#### [What you are asked to do]
Only the lines containing "actions" should appear in the answer, copied from the listing below.

#### [Data extract]
lemma recursive_proj: "i < k \<Longrightarrow> recursive k (\<lambda>xs. xs ! i)"
  unfolding recursive_def by (auto intro!: exI[of _ "prod_encode (2, i)"] run.proj)

lemma recursive_zero: "recursive k (\<lambda>xs. 0)"
  unfolding recursive_def by (auto intro!: exI[of _ "prod_encode (0, 0)"] run.zero)

lemma recursive_Suc_arg: "recursive 1 (\<lambda>xs. Suc (xs ! 0))"
  unfolding recursive_def
  using run.succ[of 0 _ "[]"] by (auto simp: length_Suc_conv intro!: exI[of _ "prod_encode (1, 0)"])

lemma recursive_comp:
  assumes "recursive m H" "\<forall>i<m. recursive k (G i)"
  shows "recursive k (\<lambda>xs. H (map (\<lambda>i. G i xs) [0..<m]))"
proof -
  obtain h where h: "\<forall>xs. length xs = m \<longrightarrow> run h xs (H xs)"
    using assms(1) recursive_def by auto
  obtain g where g: "\<And>i. i < m \<Longrightarrow> \<forall>xs. length xs = k \<longrightarrow> run (g i) xs (G i xs)"
    using assms(2) unfolding recursive_def by metis
  have "run (prod_encode (3, prod_encode (h, list_encode (map g [0..<m])))) xs
          (H (map (\<lambda>i. G i xs) [0..<m]))" if "length xs = k" for xs
    by (rule run.comp[OF _ h[rule_format]]) (use g that in \<open>auto simp: list_all2_conv_all_nth\<close>)
  then show ?thesis unfolding recursive_def by blast
qed

lemma recursive_prim_rec:
  assumes "recursive k F" "recursive (Suc (Suc k)) G"
  shows "recursive (Suc k) (\<lambda>xs. rec_nat (F (tl xs)) (\<lambda>n acc. G (n # acc # tl xs)) (hd xs))"
proof -
  obtain f where f: "\<forall>xs. length xs = k \<longrightarrow> run f xs (F xs)" using assms(1) recursive_def by auto
  obtain g where g: "\<forall>xs. length xs = Suc (Suc k) \<longrightarrow> run g xs (G xs)" using assms(2) recursive_def by auto
  have run_pr: "run (prod_encode (4, prod_encode (f, g))) (n # ys)
                  (rec_nat (F ys) (\<lambda>n acc. G (n # acc # ys)) n)" if "length ys = k" for n ys
    by (induction n) (use f g that in \<open>auto intro: run.prim0 run.primS\<close>)
  show ?thesis unfolding recursive_def
    by (rule exI[of _ "prod_encode (4, prod_encode (f, g))"]) (auto simp: length_Suc_conv run_pr)
qed

lemma recursive_comp1: "recursive 1 H \<Longrightarrow> recursive k G \<Longrightarrow> recursive k (\<lambda>xs. H [G xs])"
  using recursive_comp[of 1 H k "\<lambda>i. G"] by simp

lemma recursive_comp2:
  assumes "recursive 2 H" "recursive k G1" "recursive k G2"
  shows "recursive k (\<lambda>xs. H [G1 xs, G2 xs])"
proof -
  have "recursive k (\<lambda>xs. H (map (\<lambda>i. (if i = 0 then G1 else G2) xs) [0..<2]))"
    by (rule recursive_comp) (use assms in auto)
  then show ?thesis by (simp add: upt_rec)
qed

lemma recursive_Suc: "recursive k f \<Longrightarrow> recursive k (\<lambda>xs. Suc (f xs))"
  using recursive_comp1[OF recursive_Suc_arg] by simp

lemma recursive_const: "recursive k (\<lambda>xs. c)"
  by (induction c) (auto intro: recursive_zero dest: recursive_Suc)

text \<open>The arithmetic operations are instances of \<open>recursive_prim_rec\<close>, whose step function
  reads the counter, the accumulator and the remaining arguments from the list \<open>n # acc # tl xs\<close>.\<close>

lemma recursive_add: "recursive k f \<Longrightarrow> recursive k g \<Longrightarrow> recursive k (\<lambda>xs. f xs + g xs)"
proof -
  have "recursive (Suc 1) (\<lambda>xs. rec_nat (tl xs ! 0) (\<lambda>n acc. Suc ((n # acc # tl xs) ! 1)) (hd xs))"
    by (intro recursive_prim_rec recursive_Suc recursive_proj) simp_all
  moreover have "rec_nat b (\<lambda>n acc. Suc acc) a = a + b" for a b :: nat by (induction a) auto
  ultimately have "recursive 2 (\<lambda>xs. xs ! 0 + xs ! 1)"
    by (auto simp: numeral_2_eq_2 length_Suc_conv elim!: recursive_cong)
  then show "recursive k f \<Longrightarrow> recursive k g \<Longrightarrow> ?thesis" using recursive_comp2 by fastforce
qed

lemma recursive_mult: "recursive k f \<Longrightarrow> recursive k g \<Longrightarrow> recursive k (\<lambda>xs. f xs * g xs)"
proof -
  have "recursive (Suc 1) (\<lambda>xs. rec_nat 0 (\<lambda>n acc. (n # acc # tl xs) ! 1 + (n # acc # tl xs) ! 2) (hd xs))"
    by (intro recursive_prim_rec recursive_add recursive_proj recursive_const) simp_all
  moreover have "rec_nat 0 (\<lambda>n acc. acc + b) a = a * b" for a b :: nat by (induction a) auto
  ultimately have "recursive 2 (\<lambda>xs. xs ! 0 * xs ! 1)"
    by (auto simp: numeral_2_eq_2 length_Suc_conv elim!: recursive_cong)
  then show "recursive k f \<Longrightarrow> recursive k g \<Longrightarrow> ?thesis" using recursive_comp2 by fastforce
qed

lemma recursive_pred: "recursive k f \<Longrightarrow> recursive k (\<lambda>xs. f xs - 1)"
proof -
  have "recursive (Suc 0) (\<lambda>xs. rec_nat 0 (\<lambda>n acc. (n # acc # tl xs) ! 0) (hd xs))"
    by (intro recursive_prim_rec recursive_proj recursive_const) simp_all
  moreover have "rec_nat 0 (\<lambda>n acc. n) a = a - 1" for a :: nat by (induction a) auto
  ultimately have "recursive 1 (\<lambda>xs. xs ! 0 - 1)"
    by (auto simp: length_Suc_conv elim!: recursive_cong)
  then show "recursive k f \<Longrightarrow> ?thesis" using recursive_comp1 by fastforce
qed

lemma recursive_diff: "recursive k f \<Longrightarrow> recursive k g \<Longrightarrow> recursive k (\<lambda>xs. f xs - g xs)"
proof -
  have "recursive (Suc 1) (\<lambda>xs. rec_nat (tl xs ! 0) (\<lambda>n acc. (n # acc # tl xs) ! 1 - 1) (hd xs))"
    by (intro recursive_prim_rec recursive_pred recursive_proj) simp_all
  moreover have "rec_nat a (\<lambda>n acc. acc - 1) b = a - b" for a b :: nat by (induction b) auto
  ultimately have "recursive 2 (\<lambda>xs. xs ! 1 - xs ! 0)"
    by (auto simp: numeral_2_eq_2 length_Suc_conv elim!: recursive_cong)
  then show "recursive k f \<Longrightarrow> recursive k g \<Longrightarrow> ?thesis"
    using recursive_comp2[of _ k g f] by fastforce
qed
(* Assume Condition 1. For all $t\ge1$, $\bar V_t(\pi^* )\le\theta K$ and $\bar V_t(\pi_t)\le\theta K$.
   Context: Contextual bandit setting: $A$ a set of $K$ actions, $X$ contexts, $\Pi$ a finite set of $N$ policies, $D$ a distribution over $(x,\vec r)\in X\times[0,1]^K$ with marginal $D_X$; $(x_t,\vec r_t)\sim D$ i.i.d., the learner observes $x_t$, picks $a_t$, sees only $r_t:=r_t(a_t)$. $\eta_D(\pi)=\mathbb{E}[r(\pi(x))]$, $\pi^*$ a maximizer. $W_P(x,a)=\sum_{\pi:\pi(x)=a}P(\pi)$. With history $((x_i,a_i,r_i,p_i))_{i\le t}$, $\eta_t(W)=\frac1t\sum_i r_iW(x_i,a_i)/p_i$ for randomized policies $W$, $\pi_t=\arg\max_\pi\eta_t(\pi)$, $\Delta_t(W)=\eta_t(\pi_t)-\eta_t(W)$; $\mathbb{E}_{x\sim h_{t-1}}$ is the average over $x_1,\dots,x_{t-1}$. Actions are chosen by RandomizedUCB$(\Pi,\delta,K)$: $C_t=2\log(Nt/\delta)$, $\mu_t=\min\{\frac1{2K},\sqrt{C_t/(2Kt)}\}$; $P_t$ is a distribution over $\Pi$ whose objective $\sum_\pi P(\pi)\Delta_{t-1}(\pi)$ is within $\epsilon_{\mathrm{opt},t}=O(\sqrt{KC_t/t})$ of the optimum of minimizing it subject to: for all distributions $Q$ over $\Pi$, $\mathbb{E}_{\pi\sim Q}\mathbb{E}_{x\sim h_{t-1}}[1/((1-K\mu_t)W_P(x,\pi(x))+\mu_t)]\le\max\{4K,(t-1)\Delta_{t-1}(W_Q)^2/(180C_{t-1})\}$, with each constraint satisfied up to additive slack $K$; $W'_t(a)=(1-K\mu_t)W_{P_t}(x_t,a)+\mu_t$, $a_t\sim W'_t$, $p_t=W'_t(a_t)$. Constants: $\epsilon\in(0,1)$ fixed, $\rho=7500/\epsilon^3$, $\theta=(\rho+1)/(1-(1+\epsilon)/2)$. $t_0$ is the first $t$ with $\mu_t=\sqrt{C_t/(2Kt)}$; $t_1=\lceil16K\log(8KN/\delta)\rceil$. $V_t(\pi)=K$ for $t\le t_0$ and $V_t(\pi)=K+\mathbb{E}_{x\sim D_X}[1/((1-K\mu_t)W_{P_t}(x,\pi(x))+\mu_t)]$ for $t>t_0$; $\bar V_t(\pi)=\max_{\tau\le t}V_\tau(\pi)$. Condition 1: (i) for all $\pi\in\Pi$ and $t\ge t_1$, $\mathbb{E}_{x\sim D_X}[1/((1-K\mu_t)W_{P_t}(x,\pi(x))+\mu_t)]\le(1+\epsilon)\mathbb{E}_{x\sim h_{t-1}}[1/((1-K\mu_t)W_{P_t}(x,\pi(x))+\mu_t)]+\rho K$; and (ii) for all $\pi,\pi'\in\Pi$ and $t\ge t_0$, $|(\eta_t(\pi)-\eta_t(\pi'))-(\eta_D(\pi)-\eta_D(\pi'))|\le2\sqrt{(\bar V_t(\pi)+\bar V_t(\pi'))C_t/t}$. *)

theory Defs
  imports "HOL-Probability.Probability"
begin

text \<open>Policies are functions from contexts to actions;
  a (randomized) policy W is a function context => action => real.
  The logarithm log is the natural logarithm ln.\<close>

definition Wpol :: "('x \<Rightarrow> 'a) set \<Rightarrow> (('x \<Rightarrow> 'a) \<Rightarrow> real) \<Rightarrow> 'x \<Rightarrow> 'a \<Rightarrow> real" where
  "Wpol Pol P x b = (\<Sum>\<pi>\<in>{\<pi>\<in>Pol. \<pi> x = b}. P \<pi>)"

definition detW :: "('x \<Rightarrow> 'a) \<Rightarrow> 'x \<Rightarrow> 'a \<Rightarrow> real" where
  "detW \<pi> x b = (if \<pi> x = b then 1 else 0)"

definition is_dist :: "('x \<Rightarrow> 'a) set \<Rightarrow> (('x \<Rightarrow> 'a) \<Rightarrow> real) \<Rightarrow> bool" where
  "is_dist Pol Q \<longleftrightarrow> (\<forall>\<pi>\<in>Pol. 0 \<le> Q \<pi>) \<and> (\<Sum>\<pi>\<in>Pol. Q \<pi>) = 1"

definition Cc :: "nat \<Rightarrow> real \<Rightarrow> nat \<Rightarrow> real" where
  "Cc N \<delta> t = 2 * ln (real N * real t / \<delta>)"

definition mu :: "nat \<Rightarrow> nat \<Rightarrow> real \<Rightarrow> nat \<Rightarrow> real" where
  "mu K N \<delta> t = min (1 / (2 * real K)) (sqrt (Cc N \<delta> t / (2 * real K * real t)))"

definition t0 :: "nat \<Rightarrow> nat \<Rightarrow> real \<Rightarrow> nat" where
  "t0 K N \<delta> = (LEAST t::nat. 1 \<le> t \<and> mu K N \<delta> t = sqrt (Cc N \<delta> t / (2 * real K * real t)))"

definition t1 :: "nat \<Rightarrow> nat \<Rightarrow> real \<Rightarrow> nat" where
  "t1 K N \<delta> = nat \<lceil>16 * real K * ln (8 * real K * real N / \<delta>)\<rceil>"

#### [Problem solution]
   Context: Contextual bandit setting: $A$ a set of $K$ actions, $X$ contexts, $\Pi$ a finite set of $N$ policies, $D$ a distribution over $(x,\vec r)\in X\times[0,1]^K$ with marginal $D_X$; $(x_t,\vec r_t)\sim D$ i.i.d., the learner observes $x_t$, picks $a_t$, sees only $r_t:=r_t(a_t)$. $\eta_D(\pi)=\mathbb{E}[r(\pi(x))]$, $\pi^*$ a maximizer. $W_P(x,a)=\sum_{\pi:\pi(x)=a}P(\pi)$. With history $((x_i,a_i,r_i,p_i))_{i\le t}$, $\eta_t(W)=\frac1t\sum_i r_iW(x_i,a_i)/p_i$ for randomized policies $W$, $\pi_t=\arg\max_\pi\eta_t(\pi)$, $\Delta_t(W)=\eta_t(\pi_t)-\eta_t(W)$; $\mathbb{E}_{x\sim h_{t-1}}$ is the average over $x_1,\dots,x_{t-1}$. Actions are chosen by RandomizedUCB$(\Pi,\delta,K)$: $C_t=2\log(Nt/\delta)$, $\mu_t=\min\{\frac1{2K},\sqrt{C_t/(2Kt)}\}$; $P_t$ is a distribution over $\Pi$ whose objective $\sum_\pi P(\pi)\Delta_{t-1}(\pi)$ is within $\epsilon_{\mathrm{opt},t}=O(\sqrt{KC_t/t})$ of the optimum of minimizing it subject to: for all distributions $Q$ over $\Pi$, $\mathbb{E}_{\pi\sim Q}\mathbb{E}_{x\sim h_{t-1}}[1/((1-K\mu_t)W_P(x,\pi(x))+\mu_t)]\le\max\{4K,(t-1)\Delta_{t-1}(W_Q)^2/(180C_{t-1})\}$, with each constraint satisfied up to additive slack $K$; $W'_t(a)=(1-K\mu_t)W_{P_t}(x_t,a)+\mu_t$, $a_t\sim W'_t$, $p_t=W'_t(a_t)$. Constants: $\epsilon\in(0,1)$ fixed, $\rho=7500/\epsilon^3$, $\theta=(\rho+1)/(1-(1+\epsilon)/2)$. $t_0$ is the first $t$ with $\mu_t=\sqrt{C_t/(2Kt)}$; $t_1=\lceil16K\log(8KN/\delta)\rceil$. $V_t(\pi)=K$ for $t\le t_0$ and $V_t(\pi)=K+\mathbb{E}_{x\sim D_X}[1/((1-K\mu_t)W_{P_t}(x,\pi(x))+\mu_t)]$ for $t>t_0$; $\bar V_t(\pi)=\max_{\tau\le t}V_\tau(\pi)$. Condition 1: (i) for all $\pi\in\Pi$ and $t\ge t_1$, $\mathbb{E}_{x\sim D_X}[1/((1-K\mu_t)W_{P_t}(x,\pi(x))+\mu_t)]\le(1+\epsilon)\mathbb{E}_{x\sim h_{t-1}}[1/((1-K\mu_t)W_{P_t}(x,\pi(x))+\mu_t)]+\rho K$; and (ii) for all $\pi,\pi'\in\Pi$ and $t\ge t_0$, $|(\eta_t(\pi)-\eta_t(\pi'))-(\eta_D(\pi)-\eta_D(\pi'))|\le2\sqrt{(\bar V_t(\pi)+\bar V_t(\pi'))C_t/t}$. *)
text \<open>Policies are functions from contexts to actions;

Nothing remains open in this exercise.